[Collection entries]
lemma perturbed_contraction:
  fixes a b n x :: real
  assumes "0 \<le> x" "0 \<le> a" "0 \<le> n"
    and a_sq: "a\<^sup>2 \<le> (1 - x) * n\<^sup>2" and b: "\<bar>b\<bar> \<le> x / 10 * n"
  shows "(a + b)\<^sup>2 \<le> (1 - x / 2) * n\<^sup>2"
proof -
  have a_sq': "a\<^sup>2 \<le> n\<^sup>2 - x * n\<^sup>2" using a_sq by (simp add: left_diff_distrib)
  have xn: "0 \<le> x * n\<^sup>2" using \<open>0 \<le> x\<close> by simp
  then have "a\<^sup>2 \<le> n\<^sup>2" using a_sq' by linarith
  then have "a \<le> n" using \<open>0 \<le> n\<close> by (rule power2_le_imp_le)
  then have "a * \<bar>b\<bar> \<le> n * (x / 10 * n)"
    using b \<open>0 \<le> a\<close> \<open>0 \<le> n\<close> by (intro mult_mono) simp_all
  moreover have "n * (x / 10 * n) = x * n\<^sup>2 / 10" by (simp add: power2_eq_square)
  moreover have "a * b \<le> a * \<bar>b\<bar>" using \<open>0 \<le> a\<close> by (simp add: mult_left_mono)
  ultimately have ab: "a * b \<le> x * n\<^sup>2 / 10" by linarith
  have "x * n\<^sup>2 \<le> n\<^sup>2" using a_sq' zero_le_power2[of a] by linarith
  then have "x * (x * n\<^sup>2) \<le> x * n\<^sup>2" using mult_left_mono \<open>0 \<le> x\<close> by fastforce
  moreover have "b\<^sup>2 \<le> (x / 10 * n)\<^sup>2"
    using b by (metis power2_abs power_mono abs_ge_zero)
  ultimately have bb: "b\<^sup>2 \<le> x * n\<^sup>2 / 100"
    by (simp add: power2_eq_square algebra_simps)
  have "(a + b)\<^sup>2 = a\<^sup>2 + 2 * (a * b) + b\<^sup>2" by (simp add: power2_sum)
  also have "\<dots> \<le> n\<^sup>2 - x * n\<^sup>2 / 2" using a_sq' ab bb xn by linarith
  finally show ?thesis by (simp add: left_diff_distrib)
qed

theorem mainTheorem9:
  fixes C :: "(real^'p^'h) set" and W U G :: "real^'p^'h"
    and H1 H2 H3 :: "real^('h \<times> 'p)^('h \<times> 'p)"
    and \<alpha> \<beta> \<epsilon> :: real
  assumes "closed C" and "convex C" and "W \<in> C" and "U \<in> C"
    and grad: "vecm G = (H1 + H2 + H3) *v vecm (U - W)"
    and "transpose H1 = H1"
    and "\<alpha> > 0"
    and "loewner_le 0 H1" and "loewner_le H1 (\<alpha> *\<^sub>R mat 1)"
    and "spec_norm (H2 + H3) \<le> \<epsilon>"
    and "\<forall>V \<in> feasible_ball C W. V \<noteq> 0 \<longrightarrow>
           \<beta> \<le> (vecm V \<bullet> (H1 *v vecm V)) / (norm (vecm V))\<^sup>2"
    and "\<beta> \<ge> 10 * \<epsilon>"
  shows "(norm (proj_C C (U - (1 / \<alpha>) *\<^sub>R G) - W))\<^sup>2
           \<le> (1 - \<beta> / (2 * \<alpha>)) * (norm (U - W))\<^sup>2"
proof -
  define n where "n = norm (U - W)"
  define x where "x = \<beta> / \<alpha>"
  define d where "d = vecm (U - W)"
  define A where "A = d - (1 / \<alpha>) *\<^sub>R (H1 *v d)"
  define B where "B = (1 / \<alpha>) *\<^sub>R ((H2 + H3) *v d)"
  have step: "norm (proj_C C (U - (1 / \<alpha>) *\<^sub>R G) - W) \<le> norm A + norm B"
    using projected_gradient_step_error[OF assms(1-3) grad[unfolded add.assoc], of "1 / \<alpha>"]
    by (simp add: A_def B_def d_def)
  have "(norm A)\<^sup>2 \<le> (1 - x) * n\<^sup>2"
  proof -
    have "\<beta> * n\<^sup>2 \<le> d \<bullet> (H1 *v d)"
      unfolding d_def n_def by (rule restricted_curvature[OF \<open>U \<in> C\<close> assms(11)])
    then have "x * n\<^sup>2 \<le> d \<bullet> (H1 *v d) / \<alpha>" using \<open>\<alpha> > 0\<close> by (simp add: x_def field_simps)
    then show ?thesis using gradient_step_norm_sq_le[OF assms(6,8,9,7), of d]
      by (simp add: A_def d_def n_def norm_vecm algebra_simps)
  qed
  moreover have "norm B \<le> x / 10 * n"
  proof -
    have "norm ((H2 + H3) *v d) \<le> \<epsilon> * n"
      using norm_matrix_vector_le_spec_norm[of "H2 + H3" d] \<open>spec_norm (H2 + H3) \<le> \<epsilon>\<close>
      by (simp add: d_def n_def norm_vecm) (meson mult_right_mono norm_ge_zero order_trans)
    moreover have "\<epsilon> * n \<le> \<beta> / 10 * n" using \<open>\<beta> \<ge> 10 * \<epsilon>\<close>
      by (intro mult_right_mono) (simp_all add: n_def)
    ultimately show ?thesis using \<open>\<alpha> > 0\<close> by (simp add: B_def x_def divide_simps)
  qed
  moreover have "0 \<le> x"
    using spec_norm_nonneg[of "H2 + H3"] assms(7,10,12) by (simp add: x_def)
  ultimately have "(norm A + norm B)\<^sup>2 \<le> (1 - x / 2) * n\<^sup>2"
    by (intro perturbed_contraction) (simp_all add: n_def)
  moreover have "(norm (proj_C C (U - (1 / \<alpha>) *\<^sub>R G) - W))\<^sup>2 \<le> (norm A + norm B)\<^sup>2"
    using step by (intro power_mono) simp_all
  ultimately have "(norm (proj_C C (U - (1 / \<alpha>) *\<^sub>R G) - W))\<^sup>2 \<le> (1 - x / 2) * n\<^sup>2"
    by (rule order_trans[rotated])
  moreover have "x / 2 = \<beta> / (2 * \<alpha>)" by (simp add: x_def)
  ultimately show ?thesis by (simp only: n_def)
qed

end
lemma nonneg_invariant:
  fixes y y' F :: "real \<Rightarrow> nat \<Rightarrow> real"
  assumes deriv: "\<And>t i. 0 \<le> t \<Longrightarrow> i < n \<Longrightarrow>
      ((\<lambda>\<tau>. y \<tau> i) has_real_derivative y' t i) (at t within {0..})"
    and init: "\<And>i. i < n \<Longrightarrow> 0 \<le> y 0 i"
    and F_cont: "\<And>i. i < n \<Longrightarrow> continuous_on {0..} (\<lambda>t. F t i)"
    and quasi_pos: "\<And>t i. 0 \<le> t \<Longrightarrow> i < n \<Longrightarrow> y t i < 0 \<Longrightarrow> (\<forall>j<n. y t i \<le> y t j) \<Longrightarrow>
      F t i * y t i \<le> y' t i"
    and T: "0 \<le> T" and i: "i < n"
  shows "0 \<le> y T i"
proof (rule ccontr)
  assume neg: "\<not> 0 \<le> y T i"
  have "continuous_on {0..T} (\<lambda>t. F t j)" if "j < n" for j
    using F_cont[OF that] by (rule continuous_on_subset) auto
  then obtain K where K: "\<And>t i. t \<in> {0..T} \<Longrightarrow> i < n \<Longrightarrow> \<bar>F t i\<bar> \<le> K"
    using bounded_components_on_Icc by blast
  define L where "L = K + 1"
  define e where "e = - y T i / (2 * exp (L * T))"
  have e: "0 < e" using neg by (simp add: e_def divide_neg_pos)
  define w where "w t j = y t j + e * exp (L * t)" for t j
  have w_deriv: "((\<lambda>t. w t j) has_real_derivative y' t j + L * (e * exp (L * t))) (at t within {0..})"
    if "0 \<le> t" "j < n" for t j
    unfolding w_def using deriv[OF that] by (auto intro!: derivative_eq_intros)
  have "continuous_on {0..} (\<lambda>t. w t j)" if "j < n" for j
    using w_deriv that by (intro DERIV_continuous_on) auto
  then have "continuous_on {0..T} (\<lambda>t. w t j)" if "j < n" for j
    using that continuous_on_subset by fastforce
  moreover have "0 < w 0 j" if "j < n" for j using init[OF that] e by (simp add: w_def)
  moreover have "w T i \<le> 0" using neg by (simp add: w_def e_def)
  ultimately obtain \<tau> k where \<tau>: "0 < \<tau>" "\<tau> \<le> T" and k: "k < n" "w \<tau> k = 0"
      and at: "\<And>j. j < n \<Longrightarrow> 0 \<le> w \<tau> j" and before: "\<And>t. 0 \<le> t \<Longrightarrow> t < \<tau> \<Longrightarrow> 0 < w t k"
    using first_nonpositive_time[of n T w i] i T by metis
  define c where "c = e * exp (L * \<tau>)"
  have c: "0 < c" "y \<tau> k = - c" using e k by (auto simp: c_def w_def)
  have "y \<tau> k \<le> y \<tau> j" if "j < n" for j using at[OF that] c(2) by (simp add: w_def c_def)
  then have "F \<tau> k * y \<tau> k \<le> y' \<tau> k" using quasi_pos[of \<tau> k] \<tau> k c by auto
  moreover have "F \<tau> k * c \<le> K * c" using K[of \<tau> k] \<tau> k c by (intro mult_right_mono) auto
  ultimately have "- K * c \<le> y' \<tau> k" using c(2) by simp
  then have "0 < y' \<tau> k + L * (e * exp (L * \<tau>))" using c by (simp add: L_def c_def algebra_simps)
  moreover have "y' \<tau> k + L * (e * exp (L * \<tau>)) \<le> 0"
    using has_real_derivative_nonpos_at_first_zero[of "\<lambda>t. w t k"] w_deriv[of \<tau> k] \<tau> k before
    by auto
  ultimately show False by simp
qed

locale epidemic_opinion_model =
  fixes n :: nat
    and \<beta> :: "nat \<Rightarrow> nat \<Rightarrow> real" and \<beta>min :: real
    and \<gamma> :: "nat \<Rightarrow> real" and \<gamma>min :: real
    and abar :: "nat \<Rightarrow> nat \<Rightarrow> real"
    and s x opn :: "real \<Rightarrow> nat \<Rightarrow> real"
  assumes beta_min_pos: "0 < \<beta>min"
    and beta_cases: "\<forall>i<n. \<forall>j<n. \<beta> i j = 0 \<or> \<beta>min \<le> \<beta> i j"
    and abar_nonneg: "\<forall>i<n. \<forall>j<n. 0 \<le> abar i j"
    and init: "\<forall>i<n. 0 \<le> s 0 i \<and> s 0 i \<le> 1 \<and> 0 \<le> x 0 i \<and> x 0 i \<le> 1
                    \<and> 0 \<le> opn 0 i \<and> opn 0 i \<le> 1 \<and> s 0 i + x 0 i \<le> 1"
    and ds: "\<forall>t\<ge>0. \<forall>i<n. ((\<lambda>\<tau>. s \<tau> i) has_real_derivative
               (- s t i * (\<Sum>j<n. Bmat n \<beta> \<beta>min (opn t) $$ (i, j) * x t j))) (at t within {0..})"
    and dx: "\<forall>t\<ge>0. \<forall>i<n. ((\<lambda>\<tau>. x \<tau> i) has_real_derivative
               (s t i * (\<Sum>j<n. Bmat n \<beta> \<beta>min (opn t) $$ (i, j) * x t j)
                - Gmat n \<gamma> \<gamma>min (opn t) $$ (i, i) * x t i)) (at t within {0..})"
    and dopn: "\<forall>t\<ge>0. \<forall>i<n. ((\<lambda>\<tau>. opn \<tau> i) has_real_derivative
               ((1 - s t i) - ((\<Sum>j<n. abar i j) * opn t i - (\<Sum>j<n. abar i j * opn t j)) - opn t i))
               (at t within {0..})"
begin

definition infection_force :: "real \<Rightarrow> nat \<Rightarrow> real" where
  "infection_force t i = (\<Sum>j<n. Bmat n \<beta> \<beta>min (opn t) $$ (i, j) * x t j)"

definition opinion_drift :: "real \<Rightarrow> nat \<Rightarrow> real" where
  "opinion_drift t i =
    (1 - s t i) - ((\<Sum>j<n. abar i j) * opn t i - (\<Sum>j<n. abar i j * opn t j)) - opn t i"

lemma continuous_on_components:
  assumes "i < n"
  shows "continuous_on {0..} (\<lambda>t. s t i)" "continuous_on {0..} (\<lambda>t. x t i)"
    "continuous_on {0..} (\<lambda>t. opn t i)"
  using ds dx dopn assms by (auto intro!: DERIV_continuous_on)

lemma continuous_on_Bmat_entry:
  assumes "i < n" "j < n"
  shows "continuous_on {0..} (\<lambda>t. Bmat n \<beta> \<beta>min (opn t) $$ (i, j))"
  using assms continuous_on_components(3)[OF assms(1)]
  by (cases "\<beta> i j > 0") (auto simp: index_Bmat intro!: continuous_intros)

lemma continuous_on_infection_force:
  assumes "i < n"
  shows "continuous_on {0..} (\<lambda>t. infection_force t i)"
  unfolding infection_force_def using assms
  by (auto intro!: continuous_intros continuous_on_Bmat_entry continuous_on_components)

lemma s_nonneg:
  assumes "0 \<le> t" "i < n"
  shows "0 \<le> s t i"
proof (rule nonneg_invariant[of n s "\<lambda>t i. - s t i * infection_force t i"
      "\<lambda>t i. - infection_force t i"])
  show "((\<lambda>\<tau>. s \<tau> i) has_real_derivative - s t i * infection_force t i) (at t within {0..})"
    if "0 \<le> t" "i < n" for t i
    using ds that unfolding infection_force_def by simp
qed (use init assms continuous_on_infection_force in \<open>auto intro!: continuous_intros\<close>)

lemma opn_le_1:
  assumes "0 \<le> t" "i < n"
  shows "opn t i \<le> 1"
proof -
  have "0 \<le> 1 - opn t i"
  proof (rule nonneg_invariant[of n "\<lambda>t i. 1 - opn t i" "\<lambda>t i. - opinion_drift t i" "\<lambda>_ _. 0"])
    show "((\<lambda>\<tau>. 1 - opn \<tau> i) has_real_derivative - opinion_drift t i) (at t within {0..})"
      if "0 \<le> t" "i < n" for t i
      using dopn that unfolding opinion_drift_def by (auto intro!: derivative_eq_intros)
    show "0 * (1 - opn t i) \<le> - opinion_drift t i"
      if "0 \<le> t" "i < n" "1 - opn t i < 0" "\<forall>j<n. 1 - opn t i \<le> 1 - opn t j" for t i
    proof -
      have "(\<Sum>j<n. abar i j * opn t j) \<le> (\<Sum>j<n. abar i j) * opn t i"
        unfolding sum_distrib_right using that abar_nonneg by (auto intro!: sum_mono mult_left_mono)
      then show ?thesis using that s_nonneg[of t i] by (simp add: opinion_drift_def)
    qed
  qed (use init assms in auto)
  then show ?thesis by simp
qed

lemma x_nonneg:
  assumes "0 \<le> t" "i < n"
  shows "0 \<le> x t i"
proof (rule nonneg_invariant[of n x
      "\<lambda>t i. s t i * infection_force t i - Gmat n \<gamma> \<gamma>min (opn t) $$ (i, i) * x t i"
      "\<lambda>t i. s t i * (\<Sum>j<n. Bmat n \<beta> \<beta>min (opn t) $$ (i, j)) - (\<gamma>min + (\<gamma> i - \<gamma>min) * opn t i)"])
  show "((\<lambda>\<tau>. x \<tau> i) has_real_derivative
      s t i * infection_force t i - Gmat n \<gamma> \<gamma>min (opn t) $$ (i, i) * x t i) (at t within {0..})"
    if "0 \<le> t" "i < n" for t i
    using dx that unfolding infection_force_def by simp
  show "continuous_on {0..} (\<lambda>t. s t i * (\<Sum>j<n. Bmat n \<beta> \<beta>min (opn t) $$ (i, j))
      - (\<gamma>min + (\<gamma> i - \<gamma>min) * opn t i))" if "i < n" for i
    using that by (auto intro!: continuous_intros continuous_on_Bmat_entry continuous_on_components)
  show "(s t i * (\<Sum>j<n. Bmat n \<beta> \<beta>min (opn t) $$ (i, j)) - (\<gamma>min + (\<gamma> i - \<gamma>min) * opn t i)) * x t i
      \<le> s t i * infection_force t i - Gmat n \<gamma> \<gamma>min (opn t) $$ (i, i) * x t i"
    if "0 \<le> t" "i < n" "x t i < 0" "\<forall>j<n. x t i \<le> x t j" for t i
  proof -
    have "(\<Sum>j<n. Bmat n \<beta> \<beta>min (opn t) $$ (i, j)) * x t i \<le> infection_force t i"
      unfolding infection_force_def sum_distrib_right using that opn_le_1
      by (auto intro!: sum_mono mult_left_mono Bmat_nonneg beta_min_pos beta_cases)
    then have "s t i * ((\<Sum>j<n. Bmat n \<beta> \<beta>min (opn t) $$ (i, j)) * x t i)
        \<le> s t i * infection_force t i"
      using s_nonneg that by (intro mult_left_mono) auto
    then show ?thesis using that by (simp add: index_Gmat_diag algebra_simps)
  qed
qed (use init assms in auto)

ABOUT THIS EXERCISE: Where the data above reaches the line holding "(\<lambda>t. x t", begin printing, and stop after the line holding "using ds that". Each line must be reproduced exactly, with nothing else added.

RESULT OF THE EXERCISE:
  shows "continuous_on {0..} (\<lambda>t. s t i)" "continuous_on {0..} (\<lambda>t. x t i)"
    "continuous_on {0..} (\<lambda>t. opn t i)"
  using ds dx dopn assms by (auto intro!: DERIV_continuous_on)

lemma continuous_on_Bmat_entry:
  assumes "i < n" "j < n"
  shows "continuous_on {0..} (\<lambda>t. Bmat n \<beta> \<beta>min (opn t) $$ (i, j))"
  using assms continuous_on_components(3)[OF assms(1)]
  by (cases "\<beta> i j > 0") (auto simp: index_Bmat intro!: continuous_intros)

lemma continuous_on_infection_force:
  assumes "i < n"
  shows "continuous_on {0..} (\<lambda>t. infection_force t i)"
  unfolding infection_force_def using assms
  by (auto intro!: continuous_intros continuous_on_Bmat_entry continuous_on_components)

lemma s_nonneg:
  assumes "0 \<le> t" "i < n"
  shows "0 \<le> s t i"
proof (rule nonneg_invariant[of n s "\<lambda>t i. - s t i * infection_force t i"
      "\<lambda>t i. - infection_force t i"])
  show "((\<lambda>\<tau>. s \<tau> i) has_real_derivative - s t i * infection_force t i) (at t within {0..})"
    if "0 \<le> t" "i < n" for t i
    using ds that unfolding infection_force_def by simp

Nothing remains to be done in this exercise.